lemma mtrace_diff: "mtrace n (\<lambda>i j. A i j - B i j) = mtrace n A - mtrace n B"
  by (simp add: mtrace_def sum_subtractf)

lemma so2n_supported: "A \<in> so2n n \<Longrightarrow> supported n A"
  by (simp add: so2n_def)

lemma mtrace_pow_commutator_zero:
  assumes sX: "supported n X" and Z: "bracket n X Y = Z" and XZ: "bracket n X Z = (\<lambda>_ _. 0)"
  shows "mtrace n (mpow n Z (Suc k)) = 0"
proof -
  have cXZ: "mmul n X Z = mmul n Z X"
  proof (intro ext)
    fix i j have "bracket n X Z i j = 0" using XZ by simp
    then show "mmul n X Z i j = mmul n Z X i j" by (simp add: bracket_def)
  qed
  have cP: "mmul n (mpow n Z m) X = mmul n X (mpow n Z m)" for m
  proof (induction m)
    case 0 then show ?case using sX by (simp add: mmul_idm_left mmul_idm_right)
  next
    case (Suc m)
    have "mmul n (mpow n Z (Suc m)) X = mmul n (mpow n Z m) (mmul n Z X)" by (simp add: mmul_assoc)
    also have "\<dots> = mmul n (mmul n (mpow n Z m) X) Z" by (simp add: mmul_assoc cXZ)
    also have "\<dots> = mmul n X (mpow n Z (Suc m))" by (simp add: Suc mmul_assoc)
    finally show ?case .
  qed
  define P where "P = mpow n Z k"
  have "mtrace n (mmul n P (mmul n X Y)) = mtrace n (mmul n P (mmul n Y X))"
  proof -
    have "mtrace n (mmul n P (mmul n X Y)) = mtrace n (mmul n X (mmul n P Y))"
      using cP[of k] by (simp add: P_def mmul_assoc[symmetric])
    also have "\<dots> = mtrace n (mmul n (mmul n P Y) X)" by (rule mtrace_mmul_commute)
    also have "\<dots> = mtrace n (mmul n P (mmul n Y X))" by (simp add: mmul_assoc)
    finally show ?thesis .
  qed
  moreover have "Z = (\<lambda>i j. mmul n X Y i j - mmul n Y X i j)"
    using Z by (auto simp: bracket_def)
  ultimately have "mtrace n (mmul n P Z) = 0"
    by (simp add: mmul_diff_right mtrace_diff)
  then show ?thesis by (simp add: P_def)
qed

definition to_cmat :: "nat \<Rightarrow> mat \<Rightarrow> complex Matrix.mat" where
  "to_cmat n A = Matrix.mat (n+2) (n+2) (\<lambda>(i,j). complex_of_real (A i j))"

lemma to_cmat_carrier: "to_cmat n A \<in> carrier_mat (n+2) (n+2)"
  by (simp add: to_cmat_def)

lemma sum_atLeast0LessThan_eq_atMost:
  fixes n :: nat
  shows "(\<Sum>k\<in>{0..<n+2}. f k) = (\<Sum>k\<le>n+1. f k)"
proof -
  have "{0..<n+2} = {..n+1}" by auto
  then show ?thesis by simp
qed

lemma to_cmat_mmul: "to_cmat n (mmul n A B) = to_cmat n A * to_cmat n B"
proof (rule eq_matI)
  fix i j assume i: "i < dim_row (to_cmat n A * to_cmat n B)" and j: "j < dim_col (to_cmat n A * to_cmat n B)"
  then have i': "i \<le> n + 1" and j': "j \<le> n + 1" by (auto simp: to_cmat_def)
  have "(to_cmat n A * to_cmat n B) $$ (i,j) = (\<Sum>k\<in>{0..<n+2}. complex_of_real (A i k) * complex_of_real (B k j))"
    using i j by (simp add: to_cmat_def scalar_prod_def)
  also have "\<dots> = complex_of_real (\<Sum>k\<le>n+1. A i k * B k j)"
    unfolding sum_atLeast0LessThan_eq_atMost of_real_sum of_real_mult ..
  also have "\<dots> = to_cmat n (mmul n A B) $$ (i,j)"
    using i' j' by (simp add: to_cmat_def mmul_def less_Suc_eq_le)
  finally show "to_cmat n (mmul n A B) $$ (i,j) = (to_cmat n A * to_cmat n B) $$ (i,j)" by simp
qed (auto simp: to_cmat_def)

lemma to_cmat_idm: "to_cmat n (idm n) = 1\<^sub>m (n+2)"
  by (rule eq_matI) (auto simp: to_cmat_def idm_def)

lemma dim_row_to_cmat: "dim_row (to_cmat n A) = n + 2"
  by (simp add: to_cmat_def)

lemma to_cmat_mpow: "to_cmat n (mpow n A k) = to_cmat n A ^\<^sub>m k"
  by (induction k) (simp_all add: to_cmat_idm to_cmat_mmul dim_row_to_cmat)

lemma mat_trace_to_cmat: "mat_trace (to_cmat n A) = complex_of_real (mtrace n A)"
proof -
  have "mat_trace (to_cmat n A) = (\<Sum>i<n+2. complex_of_real (A i i))" by (simp add: mat_trace_def to_cmat_def)
  also have "\<dots> = complex_of_real (\<Sum>i\<le>n+1. A i i)"
  proof -
    have "{..<n+2} = {..n+1}" by auto
    then show ?thesis by simp
  qed
  finally show ?thesis by (simp add: mtrace_def)
qed

lemma mvec_idm: "vsupported n u \<Longrightarrow> mvec n (idm n) u = u"
proof
  fix i assume u: "vsupported n u"
  show "mvec n (idm n) u i = u i"
  proof (cases "i \<le> n + 1")
    case True
    have "(\<Sum>k\<le>n+1. idm n i k * u k) = idm n i i * u i"
      by (rule sum_eq_single) (use True in \<open>auto simp: idm_def\<close>)
    then show ?thesis using True by (simp add: mvec_def idm_def)
  qed (use u in \<open>auto simp: mvec_def vsupported_def\<close>)
qed

lemma mvec_mpow: "vsupported n u \<Longrightarrow> mvec n (mpow n A k) u = (mvec n A ^^ k) u"
proof (induction k arbitrary: u)
  case 0 then show ?case by (simp add: mvec_idm)
next
  case (Suc k)
  have "mvec n (mpow n A (Suc k)) u = mvec n (mpow n A k) (mvec n A u)" by (simp add: mvec_mmul)
  also have "\<dots> = (mvec n A ^^ k) (mvec n A u)" using Suc.IH[of "mvec n A u"] vsupported_mvec by blast
  also have "\<dots> = (mvec n A ^^ Suc k) u" by (simp add: funpow_Suc_right del: funpow.simps)
  finally show ?case .
qed

lemma mvec_commutator_nilpotent:
  assumes X: "supported n X"
    and Z: "bracket n X Y = Z" and XZ: "bracket n X Z = (\<lambda>_ _. 0)"
    and u: "vsupported n u"
  shows "(mvec n Z ^^ (n+2)) u = (\<lambda>_. 0)"
proof -
  have tr: "\<forall>k>0. mat_trace (to_cmat n Z ^\<^sub>m k) = 0"
  proof (intro allI impI)
    fix k :: nat assume "k > 0"
    then obtain k' where k: "k = Suc k'" by (cases k) auto
    have "mtrace n (mpow n Z (Suc k')) = 0"
      by (rule mtrace_pow_commutator_zero[OF X Z XZ])
    then have "mat_trace (to_cmat n (mpow n Z k)) = 0" using k by (simp only: mat_trace_to_cmat) simp
    then show "mat_trace (to_cmat n Z ^\<^sub>m k) = 0" by (simp only: to_cmat_mpow)
  qed
  have "to_cmat n Z ^\<^sub>m (n+2) = 0\<^sub>m (n+2) (n+2)"
    by (rule pow_dim_eq_zero_if_traces_zero[OF to_cmat_carrier tr])
  then have P0: "to_cmat n (mpow n Z (n+2)) = 0\<^sub>m (n+2) (n+2)" by (simp only: to_cmat_mpow)
  have e: "mpow n Z (n+2) i j = 0" if "i \<le> n + 1" "j \<le> n + 1" for i j
  proof -
    have "to_cmat n (mpow n Z (n+2)) $$ (i,j) = 0" using P0 that by simp
    then show ?thesis using that by (simp add: to_cmat_def less_Suc_eq_le)
  qed
  have "mvec n (mpow n Z (n+2)) u = (\<lambda>_. 0)"
  proof
    fix i show "mvec n (mpow n Z (n+2)) u i = 0"
    proof (cases "i \<le> n + 1")
      case True
      have "(\<Sum>k\<le>n+1. mpow n Z (n+2) i k * u k) = 0"
        by (rule sum.neutral) (use True e in auto)
      then show ?thesis using True unfolding mvec_def by simp
    qed (simp add: mvec_def)
  qed
  then show ?thesis using mvec_mpow[OF u, of Z "n+2"] by (simp only:)
qed

section \<open>Nilpotent elements of so(1,n-1)\<close>

locale lorentz_skew =
  fixes n :: nat and M :: "vec \<Rightarrow> vec"
  assumes n3: "3 \<le> n"
    and minkvec_M: "\<And>w. minkvec n w \<Longrightarrow> minkvec n (M w)"
    and M_lincomb: "\<And>a b u v. M (\<lambda>i. a * u i + b * v i) = (\<lambda>i. a * M u i + b * M v i)"
    and M_skew: "\<And>w v. minkvec n w \<Longrightarrow> minkvec n v \<Longrightarrow> mink n (M w) v = - mink n w (M v)"
begin

lemma M_scale: "M (\<lambda>i. a * u i) = (\<lambda>i. a * M u i)"
  using M_lincomb[of a u 0 u] by simp

lemma M_add: "M (\<lambda>i. u i + v i) = (\<lambda>i. M u i + M v i)"
  using M_lincomb[of 1 u 1 v] by simp

lemma M_zero: "M (\<lambda>i. 0) = (\<lambda>i. 0)"
  using M_scale[of 0 "\<lambda>i. 0"] by simp

lemma minkvec_M_pow: "minkvec n w \<Longrightarrow> minkvec n ((M ^^ k) w)"
  by (induction k) (auto simp: minkvec_M)

lemma M_pow_zero: "(M ^^ k) (\<lambda>i. 0) = (\<lambda>i. 0)"
  by (induction k) (auto simp: M_zero)

lemma M_pow_skew: "minkvec n w \<Longrightarrow> minkvec n v \<Longrightarrow> mink n ((M ^^ k) w) v = (-1) ^ k * mink n w ((M ^^ k) v)"
proof (induction k arbitrary: w v)
  case 0 then show ?case by simp
next
  case (Suc k)
  have "mink n ((M ^^ Suc k) w) v = mink n (M ((M ^^ k) w)) v" by simp
  also have "\<dots> = - mink n ((M ^^ k) w) (M v)" using M_skew minkvec_M_pow Suc.prems minkvec_M by auto
  also have "\<dots> = - ((-1) ^ k * mink n w ((M ^^ k) (M v)))" using Suc.IH[of w "M v"] Suc.prems minkvec_M by simp
  also have "(M ^^ k) (M v) = (M ^^ Suc k) v" by (simp add: funpow_Suc_right del: funpow.simps)
  finally show ?case by simp
qed

lemma zero_if_square_zero:
  assumes sq: "\<And>w. minkvec n w \<Longrightarrow> M (M w) = (\<lambda>_. 0)"
  shows "\<And>w. minkvec n w \<Longrightarrow> M w = (\<lambda>_. 0)"
proof (rule ccontr)
  fix u0 assume u0: "minkvec n u0" and nz: "M u0 \<noteq> (\<lambda>_. 0)"
  define l where "l = M u0"
  have lW: "minkvec n l" using minkvec_M u0 l_def by simp
  have null: "mink n (M v) (M v) = 0" if "minkvec n v" for v
    using M_skew[of v "M v"] sq[of v] that minkvec_M by (simp add: mink_zero)
  have ll: "mink n l l = 0" using null u0 l_def by simp
  obtain w0 where w0: "minkvec n w0" "mink n l w0 = 1" using mink_exists_dual[OF n3 lW] nz l_def by auto
  have par: "\<exists>s. M v = (\<lambda>i. s * l i)" if v: "minkvec n v" for v
  proof (rule null_orthogonal_parallel[OF n3 lW minkvec_M[OF v] ll null[OF v]])
    show "mink n l (M v) = 0" using M_skew[of u0 "M v"] u0 v minkvec_M sq[of v] l_def by (simp add: mink_zero)
    show "l \<noteq> (\<lambda>_. 0)" using nz l_def by simp
  qed
  have "mink n (M w0) w0 = 0" using M_skew[OF w0(1) w0(1)] by (simp add: mink_sym)
  obtain t where t: "M w0 = (\<lambda>i. t * l i)" using par w0 by blast
  then have "t = 0" using \<open>mink n (M w0) w0 = 0\<close> w0 by (simp add: mink_scale)
  then have Mw0: "M w0 = (\<lambda>_. 0)" using t by simp
  obtain s where s: "M u0 = (\<lambda>i. s * l i)" using par u0 by blast
  have "mink n (M u0) w0 = - mink n u0 (M w0)" using M_skew u0 w0 by simp
  then have "s = 0" using s Mw0 w0 by (simp add: mink_scale mink_zero)
  then show False using s nz by simp
qed

lemma M_pow_image_isotropic:
  assumes nil: "\<And>w. minkvec n w \<Longrightarrow> (M ^^ (j + j)) w = (\<lambda>_. 0)"
    and a: "minkvec n a" and b: "minkvec n b"
  shows "mink n ((M ^^ j) a) ((M ^^ j) b) = 0"
proof -
  have "mink n ((M ^^ j) a) ((M ^^ j) b) = (-1) ^ j * mink n a ((M ^^ j) ((M ^^ j) b))"
    using M_pow_skew a b minkvec_M_pow by blast
  also have "(M ^^ j) ((M ^^ j) b) = (\<lambda>_. 0)"
    using nil[OF b] by (simp add: funpow_add)
  finally show ?thesis by (simp add: mink_zero)
qed

text \<open>The image of M^(j+2) is totally isotropic, hence a line (or zero) preserved by M, on
  which the nilpotent M must vanish.\<close>
lemma pow_zero_descend:
  assumes nil: "\<And>w. minkvec n w \<Longrightarrow> (M ^^ (j + 4)) w = (\<lambda>_. 0)"
    and u: "minkvec n u"
  shows "(M ^^ (j + 3)) u = (\<lambda>_. 0)"
proof -
  have nil2: "(M ^^ ((j + 2) + (j + 2))) v = (\<lambda>_. 0)" if "minkvec n v" for v
  proof -
    have "(j + 2) + (j + 2) = j + (j + 4)" by simp
    then have "(M ^^ ((j + 2) + (j + 2))) v = (M ^^ j) ((M ^^ (j + 4)) v)"
      by (simp only: funpow_add o_apply)
    then show ?thesis using nil[OF that] M_pow_zero by simp
  qed
  define x where "x = (M ^^ (j + 2)) u"
  have xW: "minkvec n x" unfolding x_def by (rule minkvec_M_pow[OF u])
  have Mx: "M ((M ^^ (j + 2)) u) = (M ^^ (j + 2)) (M u)" by (rule funpow_swap1)
  have Mx': "(M ^^ (j + 3)) u = M x" by (simp add: x_def numeral_eq_Suc)
  have xx: "mink n x x = 0"
    unfolding x_def by (rule M_pow_image_isotropic[OF nil2 u u])
  have xMx: "mink n x (M x) = 0"
    unfolding x_def Mx by (rule M_pow_image_isotropic[OF nil2 u minkvec_M[OF u]])
  have MxMx: "mink n (M x) (M x) = 0"
    unfolding x_def Mx by (rule M_pow_image_isotropic[OF nil2 minkvec_M[OF u] minkvec_M[OF u]])
  show ?thesis
  proof (cases "x = (\<lambda>_. 0)")
    case True
    then show ?thesis using Mx' M_zero by simp
  next
    case False
    obtain s where s: "M x = (\<lambda>i. s * x i)"
      using null_orthogonal_parallel[OF n3 xW minkvec_M[OF xW] xx MxMx xMx False] by blast
    have "(\<lambda>i. s * (s * x i)) = M (M x)" using s M_scale by simp
    also have "\<dots> = (M ^^ (j + 4)) u" by (simp add: x_def numeral_eq_Suc)
    finally have "(\<lambda>i. s * (s * x i)) = (\<lambda>_. 0)" using nil u by simp
    then have "s = 0" using False by (auto simp: fun_eq_iff)
    then show ?thesis using Mx' s by simp
  qed
qed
== == ==
### Your assignment
Which of the lines above include the word "shows"? Copy each of them.

### Output for this task
  shows "mtrace n (mpow n Z (Suc k)) = 0"
  shows "(\<Sum>k\<in>{0..<n+2}. f k) = (\<Sum>k\<le>n+1. f k)"
  shows "(mvec n Z ^^ (n+2)) u = (\<lambda>_. 0)"
  shows "\<And>w. minkvec n w \<Longrightarrow> M w = (\<lambda>_. 0)"
  shows "mink n ((M ^^ j) a) ((M ^^ j) b) = 0"
  shows "(M ^^ (j + 3)) u = (\<lambda>_. 0)"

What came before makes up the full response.